The LLMaaS service runs on a technical infrastructure that holds the ANSSI SecNumCloud 3.2 qualification, ensuring:

Data Protection

  • End-to-end encryption : TLS 1.3 for all communications
  • Secure storage : Data encrypted at rest (AES-256)
  • Isolation : Dedicated environments per tenant

Digital Sovereignty

  • France Hosting : Certified Cloud Temple datacenters
  • French Law : Native GDPR compliance
  • No Exposure : No transfers to foreign clouds

Audit and Traceability

  • Complete logs : All interactions tracked
  • Retention : Retention according to legal policies
  • Compliance : Audit reports available

Security Controls

LLMaaS Security Controls

Prompt Security

Prompt analysis is a native and integrated security feature of the LLMaaS platform. Enabled by default, it aims to detect and prevent "jailbreak" attempts or malicious prompt injections before they even reach the model. This protection relies on a multi-layered approach.

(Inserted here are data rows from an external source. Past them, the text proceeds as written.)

(* Let $g\ge 3$ be an odd integer and let $m=\frac{g^2+1}{2}$. Let $C_m(\{g\};\{1\})$ be the mixed graph with vertex set $\{x_0,\dots,x_{m-1}\}$ (indices modulo $m$), arc set $\{(x_i,x_{i+g}) : 0\le i\le m-1\}$ and edge set $\{x_ix_{i+1} : 0\le i\le m-1\}$. Then $C_m(\{g\};\{1\})$ is a $[1,2;g]$-mixed graph of order $\frac{g^2+1}{2}$.
   Context: A mixed graph is a finite simple graph that may contain both edges and arcs. A $[z,r;g]$-mixed graph is a mixed graph in which every vertex is the tail of exactly $z$ arcs, the head of exactly $z$ arcs, and is incident with exactly $r$ edges, and whose girth is $g$. Walks traverse edges in either direction and arcs only in their direction; a cycle is a closed walk with no repeated vertices (other than start = end) and no repeated edge or arc; the girth is the length of a shortest cycle. *)

theory Defs
  imports Main
begin

definition mixed_graph :: "'a set \<Rightarrow> 'a set set \<Rightarrow> ('a \<times> 'a) set \<Rightarrow> bool" where
  "mixed_graph V E A \<longleftrightarrow>
     finite V
   \<and> (\<forall>e\<in>E. \<exists>u v. e = {u, v} \<and> u \<noteq> v \<and> u \<in> V \<and> v \<in> V)
   \<and> (\<forall>(u, v)\<in>A. u \<noteq> v \<and> u \<in> V \<and> v \<in> V)
   \<and> (\<forall>(u, v)\<in>A. {u, v} \<notin> E)
   \<and> (\<forall>(u, v)\<in>A. (v, u) \<notin> A)"

datatype 'a link = Edge "'a set" | Arc 'a 'a

definition mixed_step :: "'a set set \<Rightarrow> ('a \<times> 'a) set \<Rightarrow> 'a \<Rightarrow> 'a link \<Rightarrow> 'a \<Rightarrow> bool" where
  "mixed_step E A u l v \<longleftrightarrow> (l = Edge {u, v} \<and> {u, v} \<in> E) \<or> (l = Arc u v \<and> (u, v) \<in> A)"

definition mixed_cycle :: "'a set \<Rightarrow> 'a set set \<Rightarrow> ('a \<times> 'a) set \<Rightarrow> 'a list \<Rightarrow> 'a link list \<Rightarrow> bool" where
  "mixed_cycle V E A vs ls \<longleftrightarrow>
     length ls \<ge> 1
   \<and> length vs = length ls + 1
   \<and> set vs \<subseteq> V
   \<and> hd vs = last vs
   \<and> (\<forall>i < length ls. mixed_step E A (vs ! i) (ls ! i) (vs ! Suc i))
   \<and> distinct (butlast vs)
   \<and> distinct ls"

definition mixed_girth_eq :: "'a set \<Rightarrow> 'a set set \<Rightarrow> ('a \<times> 'a) set \<Rightarrow> nat \<Rightarrow> bool" where
  "mixed_girth_eq V E A g \<longleftrightarrow>
     (\<exists>vs ls. mixed_cycle V E A vs ls \<and> length ls = g)
   \<and> (\<forall>vs ls. mixed_cycle V E A vs ls \<longrightarrow> g \<le> length ls)"

definition zrg_mixed_graph :: "'a set \<Rightarrow> 'a set set \<Rightarrow> ('a \<times> 'a) set \<Rightarrow> nat \<Rightarrow> nat \<Rightarrow> nat \<Rightarrow> bool" where
  "zrg_mixed_graph V E A z r g \<longleftrightarrow>
     mixed_graph V E A
   \<and> (\<forall>u\<in>V. card {v. (u, v) \<in> A} = z)
   \<and> (\<forall>u\<in>V. card {v. (v, u) \<in> A} = z)
   \<and> (\<forall>u\<in>V. card {e\<in>E. u \<in> e} = r)
   \<and> mixed_girth_eq V E A g"

text \<open>The mixed circulant C_m({a};{b}) on vertices 0..m-1 (indices mod m):
arcs (i, i+a) and edges {i, i+b}.\<close>

definition circ_V :: "nat \<Rightarrow> nat set" where
  "circ_V m = {..<m}"

definition circ_A :: "nat \<Rightarrow> nat \<Rightarrow> (nat \<times> nat) set" where
  "circ_A m a = {(i, (i + a) mod m) | i. i < m}"

definition circ_E :: "nat \<Rightarrow> nat \<Rightarrow> nat set set" where
  "circ_E m b = {{i, (i + b) mod m} | i. i < m}"

end

theory Submission
  imports Defs
begin

text \<open>Write g = 2h + 1, so that m = 2h^2 + 2h + 1, and read the vertices as residues mod m.
Along a cycle every arc adds g and every edge adds \<plusminus>1, so a cycle of length k with p arcs
yields a relation p g + s \<equiv> 0 (mod m) with |s| + p \<le> k. For k < g this forces
0 < p g + s < 2m when p > 0, hence p g + s = m, and comparing with m = h g + h + 1 shows that
no admissible p and s exist. So a short cycle uses edges only; since it cannot turn back,
it winds monotonically around the m-cycle and has length at least m > g. Conversely, h arcs
lead from 0 to h g, and h + 1 further edges close a cycle of length g at h g + h + 1 = m.\<close>

lemma add_mod_eq_if:
  fixes i a m :: nat
  assumes "i < m" "a < m"
  shows "(i + a) mod m = (if i + a < m then i + a else i + a - m)"
  using assms by (simp add: mod_if)

lemma Suc_mod_eq_if:
  fixes i m :: nat
  assumes "i < m"
  shows "Suc i mod m = (if Suc i = m then 0 else Suc i)"
  using assms by (simp add: mod_Suc)

lemma mixed_cycle_closed:
  assumes "mixed_cycle V E A vs ls"
  shows "vs ! length ls = vs ! 0"
proof -
  have "vs \<noteq> []" "length vs = Suc (length ls)" using assms unfolding mixed_cycle_def by auto
  then show ?thesis using assms unfolding mixed_cycle_def by (simp add: hd_conv_nth last_conv_nth)
qed

lemma mixed_cycle_nth_in:
  assumes "mixed_cycle V E A vs ls" "i \<le> length ls"
  shows "vs ! i \<in> V"
  using assms unfolding mixed_cycle_def by (auto dest: nth_mem)

lemma mixed_cycle_nth_eq_iff:
  assumes "mixed_cycle V E A vs ls" "i < length ls" "j < length ls"
  shows "vs ! i = vs ! j \<longleftrightarrow> i = j"
proof -
  have "distinct (butlast vs)" "length (butlast vs) = length ls"
    using assms(1) unfolding mixed_cycle_def by auto
  then show ?thesis using assms(2,3) by (metis nth_butlast nth_eq_iff_index_eq)
qed

lemma mixed_cycle_nth_Suc_Suc_neq:
  assumes "mixed_cycle V E A vs ls" "3 \<le> length ls" "Suc (Suc i) \<le> length ls"
  shows "vs ! Suc (Suc i) \<noteq> vs ! i"
proof (cases "Suc (Suc i) = length ls")
  case True
  then have "0 < i" "i < length ls" using assms(2) by auto
  then have "vs ! 0 \<noteq> vs ! i" using mixed_cycle_nth_eq_iff[OF assms(1), of 0 i] by force
  then show ?thesis using True mixed_cycle_closed[OF assms(1)] by simp
next
  case False
  then show ?thesis using assms mixed_cycle_nth_eq_iff[OF assms(1), of "Suc (Suc i)" i] by auto
qed

lemma mixed_cycle_length_ge_3:
  assumes G: "mixed_graph V E A" and C: "mixed_cycle V E A vs ls"
  shows "3 \<le> length ls"
proof -
  have step: "mixed_step E A (vs ! i) (ls ! i) (vs ! Suc i)" if "i < length ls" for i
    using C that unfolding mixed_cycle_def by auto
  have "length ls \<noteq> 1"
  proof
    assume "length ls = 1"
    then have "mixed_step E A (vs ! 0) (ls ! 0) (vs ! 0)"
      using step[of 0] mixed_cycle_closed[OF C] by simp
    then show False using G unfolding mixed_graph_def mixed_step_def by fastforce
  qed
  moreover have "length ls \<noteq> 2"
  proof
    assume len: "length ls = 2"
    then have "ls ! 0 \<noteq> ls ! 1" using C unfolding mixed_cycle_def by (simp add: nth_eq_iff_index_eq)
    moreover have "mixed_step E A (vs ! 0) (ls ! 0) (vs ! 1)" "mixed_step E A (vs ! 1) (ls ! 1) (vs ! 0)"
      using step[of 0] step[of 1] mixed_cycle_closed[OF C] len by (simp_all add: numeral_2_eq_2)
    ultimately show False using G unfolding mixed_graph_def mixed_step_def by (auto simp: insert_commute)
  qed
  moreover have "1 \<le> length ls" using C unfolding mixed_cycle_def by simp
  ultimately show ?thesis by linarith
qed

lemma circ_A_iff: "(u, v) \<in> circ_A m a \<longleftrightarrow> u < m \<and> v = (u + a) mod m"
  unfolding circ_A_def by auto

:::tip Contact support for deactivation It is possible to disable this security analysis for very specific use cases, although it is not recommended. For any questions regarding this or to request a deactivation, please contact Cloud Temple support. :::

1. Structural Analysis (check_structure)

  • Malformed JSON Check: The system detects if the prompt starts with a { and attempts to parse it as JSON. If parsing succeeds and the JSON contains suspicious keywords (e.g., "system", "bypass"), or if parsing fails unexpectedly, this may indicate an injection attempt.
  • Unicode Normalization: The prompt is normalized using unicodedata.normalize('NFKC', prompt). If the original prompt differs from its normalized version, this may indicate the use of deceptive Unicode characters (homoglyphs) to bypass filters. For example, "аdmin" (Cyrillic) instead of "admin" (Latin).

2. Detection of Suspicious Patterns (check_patterns)

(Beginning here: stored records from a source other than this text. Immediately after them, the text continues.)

lemma tensor_inner_act_right_projection:
  assumes "mat_projection m B"
  shows "tensor_inner n m (act_right m B x) (act_right m B x) = tensor_inner n m (act_right m B x) x"
proof -
  have "tensor_inner n m (act_right m B x) (act_right m B x) = tensor_inner n m (act_right m B (act_right m B x)) x"
    using assms unfolding mat_projection_def by (intro tensor_inner_act_right_adjoint[symmetric]) blast
  also have "\<dots> = tensor_inner n m (act_right m B x) x"
    by (rule tensor_inner_cong) (simp_all add: act_right_idem assms)
  finally show ?thesis .
qed

lemma q_strategy_symmetry_estimate:
  assumes "q_strategy p"
  shows "symmetry_estimate p a b v w"
proof -
  obtain n m E F psi where
    pvm_E: "\<forall>v. mat_pvm n (E v)" and pvm_F: "\<forall>w. mat_pvm m (F w)" and
    p_eq: "\<forall>a b v w. complex_of_real (p a b v w) = tensor_expect n m (E v a) (F w b) psi"
    using assms unfolding q_strategy_def by (elim exE conjE) (rule that)
  have proj_E: "mat_projection n (E v a)" and proj_F: "mat_projection m (F w b)" for v a w b
    using pvm_E pvm_F unfolding mat_pvm_def by blast+
  let ?ip = "\<lambda>x y. Re (tensor_inner n m x y)"
  show ?thesis
  proof (rule symmetry_estimate_vector_model[where ip="?ip" and h="\<lambda>v a. act_left n (E v a) psi"
        and k="\<lambda>w b. act_right m (F w b) psi" and eta=psi])
    show "?ip (act_left n (E v a) psi) psi = (\<Sum>b\<in>UNIV. ?ip (act_left n (E v a) psi) (act_right m (F v b) psi))" for v a
    proof -
      have "tensor_inner n m (act_left n (E v a) psi) psi
          = tensor_inner n m (act_left n (E v a) psi) (\<lambda>ij. \<Sum>b\<in>UNIV. act_right m (F v b) psi ij)"
        by (rule tensor_inner_cong) (simp_all add: sum_act_right_pvm pvm_F)
      then show ?thesis by (simp add: tensor_inner_sum_right Re_sum)
    qed
    show "?ip psi (act_right m (F w b) psi) = (\<Sum>a\<in>UNIV. ?ip (act_left n (E w a) psi) (act_right m (F w b) psi))" for w b
    proof -
      have "tensor_inner n m psi (act_right m (F w b) psi)
          = tensor_inner n m (\<lambda>ij. \<Sum>a\<in>UNIV. act_left n (E w a) psi ij) (act_right m (F w b) psi)"
        by (rule tensor_inner_cong) (simp_all add: sum_act_left_pvm pvm_E)
      then show ?thesis by (simp add: tensor_inner_sum_left Re_sum)
    qed
    show "?ip (act_left n (E v a) psi) (act_left n (E v a) psi) = ?ip (act_left n (E v a) psi) psi" for v a
      using Re_tensor_inner_commute by (metis tensor_inner_act_left_projection proj_E)
    show "?ip (act_right m (F w b) psi) (act_right m (F w b) psi) = ?ip psi (act_right m (F w b) psi)" for w b
      using Re_tensor_inner_commute by (metis tensor_inner_act_right_projection proj_F)
    show "p a b v w = ?ip (act_left n (E v a) psi) (act_right m (F w b) psi)" for a b v w
    proof -
      have "p a b v w = Re (tensor_inner n m (act_left n (E v a) (act_right m (F w b) psi)) psi)"
        using arg_cong[OF p_eq[rule_format, of a b v w], of Re] by (simp add: tensor_expect_eq_tensor_inner)
      also have "\<dots> = Re (tensor_inner n m (act_right m (F w b) psi) (act_left n (E v a) psi))"
        using proj_E unfolding mat_projection_def by (subst tensor_inner_act_left_adjoint) blast+
      finally show ?thesis by (simp add: Re_tensor_inner_commute)
    qed
  qed (simp_all add: Re_tensor_inner_commute Re_tensor_inner_nonneg_expanded)
qed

  • The system uses regular expressions (regex) to identify known prompt attack patterns, across multiple languages (French, English, Chinese, Japanese).
  • Examples of detected patterns :
    • System Commands : Keywords such as "ignore les instructions", "ignore instructions", "忽略指令", "指示を無視".
    • HTML Injection : Hidden or malicious HTML tags, for example <div caché>, <hidden div>.
    • Markdown Injection : Malicious Markdown links, for example [texte](javascript:...), [text](data:...).
    • Repeated Sequences : Excessive repetition of words or phrases such as "oublie oublie oublie", "forget forget forget".
    • Special/Mixed Characters : Use of unusual Unicode characters or script mixing to mask commands (e.g., "s\u0443stème").

3. Behavioral Analysis (check_behavior)

  • The load balancer maintains a history of recent prompts.
  • Fragmentation Detection: It combines recent prompts to check if an attack is fragmented across multiple requests. For example, if "ignore" is sent in one prompt and "instructions" in the next, the system can detect them together.
  • Repetition Detection: It identifies whether the same prompt is repeated excessively. The current threshold for repetition detection is 30 consecutive identical prompts.

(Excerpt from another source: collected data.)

lemma has_real_derivative_integral_param:
  fixes \<phi> \<psi> :: "real \<Rightarrow> real \<Rightarrow> real"
  assumes U: "open U" "convex U" "\<rho> \<in> U" and t: "t \<in> {a..b}"
    and \<phi>_deriv: "\<And>\<sigma> s. \<sigma> \<in> U \<Longrightarrow> s \<in> {a..b} \<Longrightarrow> ((\<lambda>\<sigma>. \<phi> \<sigma> s) has_real_derivative \<psi> \<sigma> s) (at \<sigma>)"
    and \<phi>: "continuous_on (U \<times> {a..b}) (\<lambda>p. \<phi> (fst p) (snd p))"
    and \<psi>: "continuous_on (U \<times> {a..b}) (\<lambda>p. \<psi> (fst p) (snd p))"
  shows "((\<lambda>\<sigma>. integral {a..t} (\<phi> \<sigma>)) has_real_derivative integral {a..t} (\<psi> \<rho>)) (at \<rho>)"
proof -
  have sub: "U \<times> cbox a t \<subseteq> U \<times> {a..b}"
    using t by auto
  have "((\<lambda>\<sigma>. integral (cbox a t) (\<phi> \<sigma>)) has_real_derivative integral (cbox a t) (\<psi> \<rho>))
      (at \<rho> within U)"
  proof (rule leibniz_rule_field_derivative[OF _ _ _ U(3) U(2)])
    show "((\<lambda>\<sigma>. \<phi> \<sigma> s) has_real_derivative \<psi> \<sigma> s) (at \<sigma> within U)"
      if "\<sigma> \<in> U" "s \<in> cbox a t" for \<sigma> s
      using that t by (auto intro!: has_field_derivative_at_within[OF \<phi>_deriv])
    show "\<phi> \<sigma> integrable_on cbox a t" if "\<sigma> \<in> U" for \<sigma>
    proof (rule integrable_continuous)
      have "continuous_on (cbox a t) (\<lambda>s. (\<sigma>, s))"
        by (intro continuous_intros)
      moreover have "(\<lambda>s. (\<sigma>, s)) ` cbox a t \<subseteq> U \<times> {a..b}"
        using that t by auto
      ultimately show "continuous_on (cbox a t) (\<phi> \<sigma>)"
        using continuous_on_compose2[OF \<phi>] by fastforce
    qed
    show "continuous_on (U \<times> cbox a t) (\<lambda>(\<sigma>, s). \<psi> \<sigma> s)"
      using continuous_on_subset[OF \<psi> sub] by (simp add: case_prod_beta)
  qed
  then show ?thesis
    by (simp add: at_within_open[OF U(3) U(1)])
qed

This multi-layered approach enables the detection of a wide range of prompt attacks, from the simplest to the most sophisticated, by combining static content analysis with dynamic behavioral analysis.

📈 Performance and Scalability

Real-Time Monitoring

Access via Cloud Temple Console :

  • Usage metrics per model
  • Latency and throughput graphs
  • Alerts on performance thresholds
  • Request history

🌐 Integration and Ecosystem

OpenAI Compatibility

The LLMaaS service is compatible with the OpenAI API:

# Seamless migration
from openai import OpenAI

# Before (OpenAI)
client_openai = OpenAI(api_key="sk-...")

# After (Cloud Temple LLMaaS)
client_ct = OpenAI(
api_key="votre-token-cloud-temple",
base_url="https://api.ai.cloud-temple.com/v1"
)

# Identical code!
response = client_ct.chat.completions.create(
model="gpt-oss:120b", # Cloud Temple Model
messages=[{"role": "user", "content": "Bonjour"}]
)

Supported Ecosystem

AI Frameworks

  • LangChain : Native integration
  • Haystack : Document pipeline
  • Semantic Kernel : Microsoft orchestration
  • AutoGen : Conversational agents

Development Tools

  • Jupyter : Interactive Notebooks
  • Streamlit : Quick Web Applications
  • Gradio : AI User Interfaces
  • FastAPI : Backend APIs

No-Code Platforms

  • Zapier : Automations
  • Make : Visual Integrations
  • Bubble : Web Applications

🔄 Model Lifecycle

Model Updates

LLMaaS Model Lifecycle

Versioning Policy

  • Stable Models : Fixed versions available for 6 months
  • Experimental Models : Beta versions for early adopters
  • Deprecation : 3-month notice before removal
  • Migration : Professional services available to ensure your transitions

Projected Lifecycle Schedule

The table below presents the projected lifecycle of our models. The generative AI ecosystem evolves very rapidly, which explains why lifecycles may appear short. Our goal is to provide you with access to the most performant models currently available.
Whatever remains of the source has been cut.